Table 3 PIV setup and post-processing parameters. All data use a single run

Seeding the flow presents significant challenges in performing accurate PIV experiments in hypersonic flow. \(\hbox {TiO}_2\) particles were used due to their temperature stability. To minimize the flow disturbance, the seeding particles were introduced in the settling chamber upstream of the throat. In the present system, the \(\hbox {TiO}_2\) particles were first suspended in a fluidized bed where high-pressure air (typically 10 bar above the tunnel stagnation pressure) was fed from below. A heating tape was used to heat the bottom part of the bed to help reduce particle agglomeration. The air-entrained particles then passed into the stagnation chamber of the tunnel through a 12.7-mm tube facing downstream.
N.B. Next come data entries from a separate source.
lemma out_deg_oriented_splitting:
  assumes "oriented_splitting V H \<mu> E\<^sub>1 E\<^sub>2 \<kappa>" "finite H" "v \<in> V"
  shows "2 * out_deg \<mu> E\<^sub>1 v \<le> out_deg \<mu> H v + \<kappa>" "2 * out_deg \<mu> E\<^sub>2 v \<le> out_deg \<mu> H v + \<kappa>"
proof -
  have "H = E\<^sub>1 \<union> E\<^sub>2" "E\<^sub>1 \<inter> E\<^sub>2 = {}"
    and "\<bar>int (out_deg \<mu> E\<^sub>1 v) - int (out_deg \<mu> E\<^sub>2 v)\<bar> \<le> int \<kappa>"
    using assms(1,3) unfolding oriented_splitting_def by auto
  moreover from this have "out_deg \<mu> H v = out_deg \<mu> E\<^sub>1 v + out_deg \<mu> E\<^sub>2 v"
    using assms(2) by (simp add: out_deg_Un_disjoint)
  ultimately show "2 * out_deg \<mu> E\<^sub>1 v \<le> out_deg \<mu> H v + \<kappa>" "2 * out_deg \<mu> E\<^sub>2 v \<le> out_deg \<mu> H v + \<kappa>"
    by linarith+
qed

lemma level_graph_subset:
  assumes "level_graph V E \<mu> i H"
  shows "H \<subseteq> E"
  using assms by induction (auto simp: oriented_splitting_def)

lemma level_graph_out_deg:
  assumes "finite E" "level_graph V E \<mu> i H" "\<And>v. v \<in> V \<Longrightarrow> out_deg \<mu> E v \<le> D" "v \<in> V"
  shows "2 ^ i * out_deg \<mu> H v \<le> D + 2 ^ i - 1"
proof -
  have halve: "2 ^ Suc i * x \<le> D + 2 ^ Suc i - 1"
    if "2 * x \<le> y + 1" "2 ^ i * y \<le> D + 2 ^ i - 1" for i x y :: nat
  proof -
    have "2 ^ Suc i * x = 2 ^ i * (2 * x)" by simp
    also have "\<dots> \<le> 2 ^ i * y + 2 ^ i" using that(1) by (metis distrib_left mult.right_neutral mult_le_mono2)
    finally show ?thesis using that(2) by simp
  qed
  from assms(2) show ?thesis
  proof induction
    case base
    then show ?case using assms(3,4) by simp
  next
    case (left i H E\<^sub>1 E\<^sub>2)
    have "finite H" using finite_subset[OF level_graph_subset[OF left(1)] assms(1)] .
    then show ?case using halve out_deg_oriented_splitting(1)[OF left(2) _ assms(4)] left(3) by blast
  next
    case (right i H E\<^sub>1 E\<^sub>2)
    have "finite H" using finite_subset[OF level_graph_subset[OF right(1)] assms(1)] .
    then show ?case using halve out_deg_oriented_splitting(2)[OF right(2) _ assms(4)] right(3) by blast
  qed
qed

lemma div_power2_round_up_le:
  fixes a i :: nat
  shows "real ((2 * a + 2 ^ i - 1) div 2 ^ i) \<le> real a / 2 powr (real i - 1) + 1"
proof -
  have "real ((2 * a + 2 ^ i - 1) div 2 ^ i) \<le> real (2 * a + 2 ^ i - 1) / 2 ^ i"
    using of_nat_div_le_of_nat[where 'a = real, of "2 * a + 2 ^ i - 1" "2 ^ i"] by simp
  also have "\<dots> = (2 * real a + 2 ^ i - 1) / 2 ^ i"
  proof -
    have "(1::nat) \<le> 2 * a + 2 ^ i" using one_le_power[of "2::nat" i] by linarith
    then show ?thesis by (simp add: of_nat_diff)
  qed
  also have "\<dots> = 2 * real a / 2 ^ i + 1 - 1 / 2 ^ i"
    by (simp add: diff_divide_distrib add_divide_distrib)
  also have "\<dots> \<le> 2 * real a / 2 ^ i + 1"
    by simp
  also have "2 * real a / 2 ^ i = real a / 2 powr (real i - 1)"
    by (simp add: powr_diff powr_realpow)
  finally show ?thesis .
qed

theorem lemma4p10:
  fixes V :: "'a set" and E :: "'a set set" and vs :: "'a list" and h i :: nat and H :: "'a set set"
  assumes "graph V E"
    and "real h \<le> log 2 (real (arboricity V E))"
    and "fd_run V E vs"
    and "i \<le> h"
    and "level_graph V E (fd_orientation E vs) i H"
  shows "real (arboricity V H) \<le> real (arboricity V E) / 2 powr (real i - 1) + 1"
proof -
  let ?\<alpha> = "arboricity V E"
  define d where "d = (2 * ?\<alpha> + 2 ^ i - 1) div 2 ^ i"
  have "out_deg (fd_orientation E vs) H v \<le> d" if "v \<in> V" for v
  proof -
    have "2 ^ i * out_deg (fd_orientation E vs) H v \<le> 2 * ?\<alpha> + 2 ^ i - 1"
      using graph_finite_edges[OF assms(1)] assms(5) out_deg_fd_orientation_le[OF assms(1,3)] that
      by (rule level_graph_out_deg)
    then show ?thesis unfolding d_def by (simp add: less_eq_div_iff_mult_less_eq mult.commute)
  qed
  moreover have "distinct vs" "set vs = V" using assms(3) by (auto simp: fd_run_def)
  ultimately have "arboricity V H \<le> d"
    using arboricity_le_fd_out_deg[OF assms(1) level_graph_subset[OF assms(5)]] by blast
  then show ?thesis
    unfolding d_def using div_power2_round_up_le[of ?\<alpha> i] by linarith
qed

end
The end of the tube was approximately 450 mm upstream of the nozzle throat and was located on the centerline of the settling chamber. Further details are given by Sahoo et al. (2009).

The in situ response of \(\hbox {TiO}_2\) particles in this facility was measured by Williams et al. (2015) using two shocks of different strengths in the freestream flow to estimate the particle size, density and response time \(\tau _p\). The variation in Stokes number across the boundary layer was thus estimated for a small velocity disturbance \((<5\% U_\infty )\), accounting for changes in density and viscosity across the layer. The resulting Stokes number variation \(St = \tau _p/\tau _f\) is O(1) in the near-wall region for the smooth-wall case, where \(\tau _f = 10\delta /U_\infty \)Williams et al. (2018). An estimate taken from Samimy and Lele (xxx) suggests that slip velocities in this region could therefore be upward of 10% of the local instantaneous velocity. However, previous studies in this facility have indicated that particle frequency responses of this magnitude appear to have little filtering effect on the streamwise fluctuations while significantly reducing the measured wall-normal turbulence Williams et al. (2015, 2018). The particle frequency response of the rough-wall cases presented in this study is expected to be similar to Williams et al. (2015) due to our concordance with the smooth-wall measurements of Sahoo et al. (2009) acquired at a similar time, and the use of heating to prevent particle agglomeration. Subsequent work by Williams et al. significantly improved the seeding homogeneity and duration, while particle sizes are believed to be similar. Due to particle response limitations that limit our ability to resolve the wall-normal velocity component, as discussed by Williams et al. (2018), only results based on the streamwise component will be presented in this paper.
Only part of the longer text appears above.